Alas, stream fusion (and fusion in general, I guess) requires what I would call 
whole loop compilation - you need to inline everything into loops. That tends 
to be slow. I don't know what your code looks like but you could try to control 
inlining a bit more. For instance, if you have something like this:

foo ... = ... map f xs ...
  where
f x = ...

you could tell GHC not to inline f until fairly late in the game by adding

  {-# INLINE [0] f #-}

to the where clause. This helps sometimes.

 i'm compiling with -O2 -funbox-strict-fields instead of -Odph (with ghc 6.10.4
 on OSX 10.4), because it's faster for some of my code, but -O2 vs. -Odph 
 doesn't
 make a noticable difference in compilation time.

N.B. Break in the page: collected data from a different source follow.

section \<open>Time-extended worlds\<close>

text \<open>\<open>wt\<close> is a time extension of \<open>w\<close>: a t-ESG world agreeing with \<open>w\<close> on all primitive
  terms and formulas of the ESG language, evaluated on the symbolic trace; clocks arbitrary
  subject to the t-ESG world constraints.\<close>
definition time_ext :: "esg_world \<Rightarrow> tesg_world \<Rightarrow> bool" where
  "time_ext w wt =
    (is_tesg_world wt \<and>
     (\<forall>f ns z. ztr z \<and> fres f \<noteq> SClk \<and> (\<forall>n \<in> set ns. nsort n \<noteq> SClk) \<longrightarrow>
         tf wt f ns z = ef w f ns (symtr z)) \<and>
     (\<forall>p ns z. ztr z \<and> p \<noteq> Reset \<and> p \<noteq> Gd \<and> (\<forall>n \<in> set ns. nsort n \<noteq> SClk) \<longrightarrow>
         tp wt p ns z = ep w p ns (symtr z)))"

end

theory Submission
  imports Defs
begin

text \<open>
  Atoms of the ESG language are evaluated in \<open>w\<^sub>t\<close> at \<open>z\<^sub>t\<close> exactly as in \<open>w\<close> at
  \<open>sym(z\<^sub>t)\<close>, and ESG has no clock comparisons; its only interval \<open>[0,\<infinity>)\<close> holds
  automatically because time never decreases. What remains are the operators quantifying over
  traces, which range over timed traces in t-ESG and untimed ones in ESG. Here the projection
  \<open>sym\<close> maps the timed extensions of \<open>z\<^sub>t\<close>, and the timed traces of a program, onto their
  untimed counterparts: a timed run projects to an untimed run step by step, and an untimed run is
  replayed in \<open>w\<^sub>t\<close> by performing every action at time \<open>time(z\<^sub>t)\<close>. The theorem then follows
  by induction on formulas, generalised to open formulas under well-sorted environments and to
  trace formulas evaluated on a time--action continuation \<open>\<tau>\<close> of \<open>z\<^sub>t\<close>.
\<close>

section \<open>Time--action sequences\<close>

lemma acts_append [simp]: "acts (a @ b) = acts a @ acts b"
  by (induction a rule: acts.induct) auto

lemma times_append [simp]: "times (a @ b) = times a @ times b"
  by (induction a rule: times.induct) auto

lemma pairseq_simps [simp]:
  "pairseq []"
  "pairseq (Tm t # Ac p # z) \<longleftrightarrow> pairseq z"
  "\<not> pairseq (Ac p # z)"
  "\<not> pairseq [Tm t]"
  "\<not> pairseq (Tm t # Tm s # z)"
  by (auto simp: pairseq_def)

lemma pairseq_induct [consumes 1, case_names Nil Cons]:
  assumes "pairseq z"
    and "P []"
    and "\<And>t p z. pairseq z \<Longrightarrow> P z \<Longrightarrow> P (Tm t # Ac p # z)"
  shows "P z"
  using assms(1)
proof (induction z rule: induct_list012)
  case (3 x y z)
  then show ?case using assms(3) by (cases x; cases y) auto
qed (use assms(2) in \<open>auto simp: pairseq_def\<close>)

lemma alt_tr_append: "pairseq a \<Longrightarrow> alt_tr (a @ b) \<longleftrightarrow> alt_tr b"
  by (induction a rule: pairseq_induct) auto

lemma pairseq_append: "pairseq a \<Longrightarrow> pairseq (a @ b) \<longleftrightarrow> pairseq b"
  by (induction a rule: pairseq_induct) auto

lemma alt_tr_appendD: "alt_tr (a @ b) \<Longrightarrow> alt_tr a"
  by (induction a arbitrary: b rule: alt_tr.induct) auto

lemma ztr_appendD: "ztr (a @ b) \<Longrightarrow> ztr a"
  unfolding ztr_def using alt_tr_appendD sorted_append by fastforce

lemma acts_eq_Nil_iff: "pairseq z \<Longrightarrow> acts z = [] \<longleftrightarrow> z = []"
  by (induction z rule: pairseq_induct) auto

lemma length_pairseq: "pairseq z \<Longrightarrow> length z = 2 * length (acts z)"
  by (induction z rule: pairseq_induct) auto

lemma nth_pairseq_odd: "pairseq z \<Longrightarrow> i < length (acts z) \<Longrightarrow> z ! (2*i+1) = Ac (acts z ! i)"
proof (induction z arbitrary: i rule: pairseq_induct)
  case (Cons t p z)
  then show ?case by (cases i) auto
qed simp

lemma pairseq_take_drop:
  "pairseq z \<Longrightarrow>
     pairseq (take (2*k) z) \<and> pairseq (drop (2*k) z) \<and> acts (take (2*k) z) = take k (acts z)"
proof (induction z arbitrary: k rule: pairseq_induct)
  case (Cons t p z)
  then show ?case by (cases k) auto
qed simp

lemma pairseq_split_acts:
  assumes "pairseq z" and "acts z = u2 @ u3"
  obtains z2 z3 where "z = z2 @ z3" "pairseq z2" "pairseq z3" "acts z2 = u2" "acts z3 = u3"
proof
  let ?k = "length u2"
  show "z = take (2*?k) z @ drop (2*?k) z" by simp
  show "pairseq (take (2*?k) z)" "pairseq (drop (2*?k) z)" and u2: "acts (take (2*?k) z) = u2"
    using pairseq_take_drop[OF assms(1), of ?k] assms(2) by auto
  have "acts z = acts (take (2*?k) z) @ acts (drop (2*?k) z)"
    by (metis acts_append append_take_drop_id)
  then show "acts (drop (2*?k) z) = u3"
    using assms(2) u2 by simp
qed

lemma all_pairseq_split_iff:
  assumes "pairseq z"
  shows "(\<forall>u2 u3. acts z = u2 @ u3 \<and> u2 \<noteq> [] \<and> u3 \<noteq> [] \<longrightarrow> Q u2 u3) \<longleftrightarrow>
    (\<forall>z2 z3. z = z2 @ z3 \<and> pairseq z2 \<and> z2 \<noteq> [] \<and> pairseq z3 \<and> z3 \<noteq> [] \<longrightarrow> Q (acts z2) (acts z3))"
proof (intro iffI allI impI)
  fix z2 z3
  assume "\<forall>u2 u3. acts z = u2 @ u3 \<and> u2 \<noteq> [] \<and> u3 \<noteq> [] \<longrightarrow> Q u2 u3"
    and "z = z2 @ z3 \<and> pairseq z2 \<and> z2 \<noteq> [] \<and> pairseq z3 \<and> z3 \<noteq> []"
  then show "Q (acts z2) (acts z3)"
    using acts_eq_Nil_iff by simp
next
  fix u2 u3
  assume "\<forall>z2 z3. z = z2 @ z3 \<and> pairseq z2 \<and> z2 \<noteq> [] \<and> pairseq z3 \<and> z3 \<noteq> [] \<longrightarrow>
      Q (acts z2) (acts z3)"
    and "acts z = u2 @ u3 \<and> u2 \<noteq> [] \<and> u3 \<noteq> []"
  then show "Q u2 u3"
    using pairseq_split_acts[OF assms] acts_eq_Nil_iff by metis
qed

lemma times_eq_Nil_iff: "pairseq z \<Longrightarrow> times z = [] \<longleftrightarrow> z = []"
  by (induction z rule: pairseq_induct) auto

lemma ltime_pairseq: "pairseq z \<Longrightarrow> ltime r c z = (if z = [] then r else last (times z))"
  by (induction z arbitrary: r c rule: pairseq_induct) (auto simp: times_eq_Nil_iff)

lemma time_pairseq: "pairseq z \<Longrightarrow> time z = (if z = [] then 0 else last (times z))"
  by (simp add: time_def ltime_pairseq)

lemma time_append: "pairseq z \<Longrightarrow> pairseq z1 \<Longrightarrow> z1 \<noteq> [] \<Longrightarrow> time (z @ z1) = time z1"
  by (simp add: time_pairseq pairseq_append times_eq_Nil_iff)

lemma time_nonneg: "ztr z \<Longrightarrow> pairseq z \<Longrightarrow> 0 \<le> time z"
  by (auto simp: time_pairseq ztr_def times_eq_Nil_iff)

lemma sorted_le_last: "sorted xs \<Longrightarrow> x \<in> set xs \<Longrightarrow> x \<le> last xs"
  by (induction xs) auto

lemma time_upper: "ztr z \<Longrightarrow> pairseq z \<Longrightarrow> t \<in> set (times z) \<Longrightarrow> t \<le> time z"
  by (auto simp: time_pairseq ztr_def sorted_le_last)

lemma time_mono:
  assumes "ztr (z @ z1)" "pairseq z" "pairseq z1" "z1 \<noteq> []"
  shows "time z \<le> time z1"
proof -
  have zz1: "pairseq (z @ z1)" and time_z1: "time (z @ z1) = time z1"
    using assms time_append pairseq_append by auto
  show ?thesis
  proof (cases "z = []")
    case True
    then show ?thesis using time_nonneg[OF assms(1) zz1] time_z1 by (simp add: time_def)
  next
    case False
    then have "time z \<in> set (times (z @ z1))"
      using assms(2) by (simp add: time_pairseq times_eq_Nil_iff)
    then show ?thesis using time_upper[OF assms(1) zz1] time_z1 by simp
  qed
qed

lemma ztr_snoc:
  assumes "ztr z" "pairseq z" "time z \<le> t"
  shows "ztr (z @ [Tm t])" "ztr (z @ [Tm t, Ac p])"
  using assms time_upper[OF assms(1,2)] time_nonneg[OF assms(1,2)]
  by (auto simp: ztr_def alt_tr_append sorted_append intro: order_trans)

definition stamp :: "real \<Rightarrow> nat list \<Rightarrow> tel list" where
  "stamp T u = concat (map (\<lambda>p. [Tm T, Ac p]) u)"

lemma acts_stamp [simp]: "acts (stamp T u) = u"
  by (induction u) (auto simp: stamp_def)

lemma pairseq_stamp [simp]: "pairseq (stamp T u)"
  by (induction u) (auto simp: stamp_def)

lemma stamp_snoc: "stamp T (u @ [p]) = stamp T u @ [Tm T, Ac p]"
  by (simp add: stamp_def)

lemma ztr_stamp:
  assumes "ztr z" "pairseq z"
  shows "ztr (z @ stamp (time z) u) \<and> time (z @ stamp (time z) u) = time z"
proof (induction u rule: rev_induct)
  case Nil
  then show ?case using assms by (simp add: stamp_def)
next
  case (snoc p u)
  have "pairseq (z @ stamp (time z) u)"
    using assms(2) pairseq_append by simp
  with snoc ztr_snoc(2)[of "z @ stamp (time z) u" "time z" p]
    time_append[of "z @ stamp (time z) u" "[Tm (time z), Ac p]"]
  show ?case
    by (simp add: stamp_snoc time_def)
qed

lemma map_upt_stamp:
  "map (\<lambda>n. if even n then Tm T else Ac (f (n div 2))) [0..<2*i] = stamp T (map f [0..<i])"
  by (induction i) (simp_all add: stamp_def)

section \<open>Continuations of a timed trace and their symbolic projection\<close>

text \<open>The odd positions of an infinite timed trace hold its actions, so the junk value
  \<open>act_of (Tm t) = 0\<close> is never observed on traces of the form \<open>t\<^sub>1 p\<^sub>1 t\<^sub>2 p\<^sub>2 \<dots>\<close>.\<close>

fun act_of :: "tel \<Rightarrow> nat" where
  "act_of (Ac p) = p"
| "act_of (Tm t) = 0"

fun sym_trace :: "tel trc \<Rightarrow> nat trc" where
  "sym_trace (TFin zs) = TFin (acts zs)"
| "sym_trace (TInf g) = TInf (\<lambda>i. act_of (g (2*i+1)))"

fun admissible :: "tel list \<Rightarrow> tel trc \<Rightarrow> bool" where
  "admissible z (TFin zs) \<longleftrightarrow> ztr (z @ zs) \<and> pairseq z \<and> pairseq zs"
| "admissible z (TInf g) \<longleftrightarrow>
     pairseq z \<and> (\<forall>i. ztr (z @ map g [0..<2*i]) \<and> pairseq (map g [0..<2*i]))"

lemma admissibleD: "admissible z \<tau> \<Longrightarrow> ztr z \<and> pairseq z"
  by (cases \<tau>) (auto dest: ztr_appendD spec[of _ 0])

lemma acts_map_upt:
  assumes "pairseq (map g [0..<2*i])"
  shows "acts (map g [0..<2*i]) = map (\<lambda>j. act_of (g (2*j+1))) [0..<i]"
proof (rule nth_equalityI)
  let ?z = "map g [0..<2*i]"
  have len: "length (acts ?z) = i"
    using length_pairseq[OF assms] by simp
  then show "length (acts ?z) = length (map (\<lambda>j. act_of (g (2*j+1))) [0..<i])"
    by simp
  fix j assume "j < length (acts ?z)"
  with nth_pairseq_odd[OF assms this] len
  show "acts ?z ! j = map (\<lambda>j. act_of (g (2*j+1))) [0..<i] ! j"
    by simp
qed

lemma tprepend_append: "tprepend (a @ b) \<tau> = tprepend a (tprepend b \<tau>)"
  by (cases \<tau>) (auto simp: nth_append fun_eq_iff)

lemma tprepend_inj: "tprepend u \<tau> = tprepend u \<sigma> \<Longrightarrow> \<tau> = \<sigma>"
proof (cases \<tau>; cases \<sigma>)
  fix f g assume "tprepend u \<tau> = tprepend u \<sigma>" "\<tau> = TInf f" "\<sigma> = TInf g"
  then have "f i = g i" for i
    using fun_cong[of _ _ "i + length u"] by fastforce
  then show "\<tau> = \<sigma>"
    using \<open>\<tau> = TInf f\<close> \<open>\<sigma> = TInf g\<close> by auto
qed auto

lemma sym_trace_tprepend:
  assumes "pairseq z1"
  shows "sym_trace (tprepend z1 \<tau>) = tprepend (acts z1) (sym_trace \<tau>)"
proof (cases \<tau>)
  case (TInf h)
  have len: "length z1 = 2 * length (acts z1)"
    using length_pairseq[OF assms] .
  have "act_of (if 2*i+1 < length z1 then z1 ! (2*i+1) else h (2*i+1 - length z1)) =
        (if i < length (acts z1) then acts z1 ! i else act_of (h (2 * (i - length (acts z1)) + 1)))"
    for i
  proof -
    have "\<not> i < length (acts z1) \<Longrightarrow> 2*i+1 - length z1 = 2 * (i - length (acts z1)) + 1"
      using len by simp
    then show ?thesis
      using nth_pairseq_odd[OF assms, of i] len by auto
  qed
  then show ?thesis using TInf by (simp add: fun_eq_iff)
qed simp

lemma map_upt_tprepend:
  "map (\<lambda>i. if i < length z1 then z1 ! i else h (i - length z1)) [0..<n] =
     (if n \<le> length z1 then take n z1 else z1 @ map h [0..<n - length z1])"
proof (induction n)
  case (Suc n)
  then show ?case
    by (cases "Suc n \<le> length z1") (auto simp: take_Suc_conv_app_nth Suc_diff_le)
qed simp

lemma admissible_tprepend:
  assumes "pairseq z1"
  shows "admissible z (tprepend z1 \<tau>) \<longleftrightarrow> admissible z (TFin z1) \<and> admissible (z @ z1) \<tau>"
proof (cases \<tau>)
  case (TFin zs)
  then show ?thesis
    using ztr_appendD[of "z @ z1" zs] by (auto simp: pairseq_append assms)
next
  case (TInf h)
  define k where "k = length (acts z1)"
  define g where "g i = (if i < length z1 then z1 ! i else h (i - length z1))" for i
  have len: "length z1 = 2 * k"
    using length_pairseq[OF assms] k_def by simp
  have prefix: "map g [0..<2*i] =
      (if i \<le> k then take (2*i) z1 else z1 @ map h [0..<2 * (i - k)])" for i
    using map_upt_tprepend[of z1 h "2*i"] len unfolding g_def by (simp add: right_diff_distrib')
  have prepend: "tprepend z1 \<tau> = TInf g"
    using TInf g_def by (simp add: fun_eq_iff)
  show ?thesis
  proof
    assume "admissible z (tprepend z1 \<tau>)"
    then have z: "pairseq z" and g: "\<And>i. ztr (z @ map g [0..<2*i]) \<and> pairseq (map g [0..<2*i])"
      using prepend by auto
    have "admissible z (TFin z1)"
      using g[of k] prefix[of k] len z assms by simp
    moreover have "ztr (z @ z1 @ map h [0..<2*j]) \<and> pairseq (map h [0..<2*j])" for j
      using g[of "k + j"] prefix[of "k + j"] len
      by (cases "j = 0") (simp_all add: pairseq_append assms)
    ultimately show "admissible z (TFin z1) \<and> admissible (z @ z1) \<tau>"
      using TInf z by (simp add: pairseq_append assms)
  next
    assume "admissible z (TFin z1) \<and> admissible (z @ z1) \<tau>"
    then have z1: "ztr (z @ z1)" "pairseq z"
      and h: "\<And>j. ztr (z @ z1 @ map h [0..<2*j]) \<and> pairseq (map h [0..<2*j])"
      using TInf by auto
    have "ztr (z @ map g [0..<2*i]) \<and> pairseq (map g [0..<2*i])" for i
    proof (cases "i \<le> k")
      case True
      then show ?thesis
        using prefix[of i] ztr_appendD[of "z @ take (2*i) z1" "drop (2*i) z1"] z1(1)
          pairseq_take_drop[OF assms, of i] by simp
    next
      case False
      then show ?thesis
        using prefix[of i] h[of "i - k"] by (simp add: pairseq_append assms)
    qed
    then show "admissible z (tprepend z1 \<tau>)"
      using prepend z1(2) by simp
  qed
qed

If you're *really* interested in performance, I would suggest using GHC head. 
It really is much better for this kind of code (although not necessarily faster 
wrt to compilation times).

This is what -Odph does:

-- -Odph is equivalent to
--
---O2   optimise as much as possible
---fno-method-sharing   sharing specialisation defeats fusion
--  sometimes
---fdicts-cheap always inline dictionaries
---fmax-simplifier-iterations20 this is necessary sometimes
---fsimplifier-phases=3 we use an additional simplifier phase
--  for fusion
---fno-spec-constr-thresholdrun SpecConstr even for big loops
---fno-spec-constr-countSpecConstr as much as possible

I'm surprised -Odph doesn't produce faster code than -O2. In any case, you 
could try turning these flags on individually (esp. -fno-method-sharing and the 
spec-constr flags) to see how they affect performance and compilation times.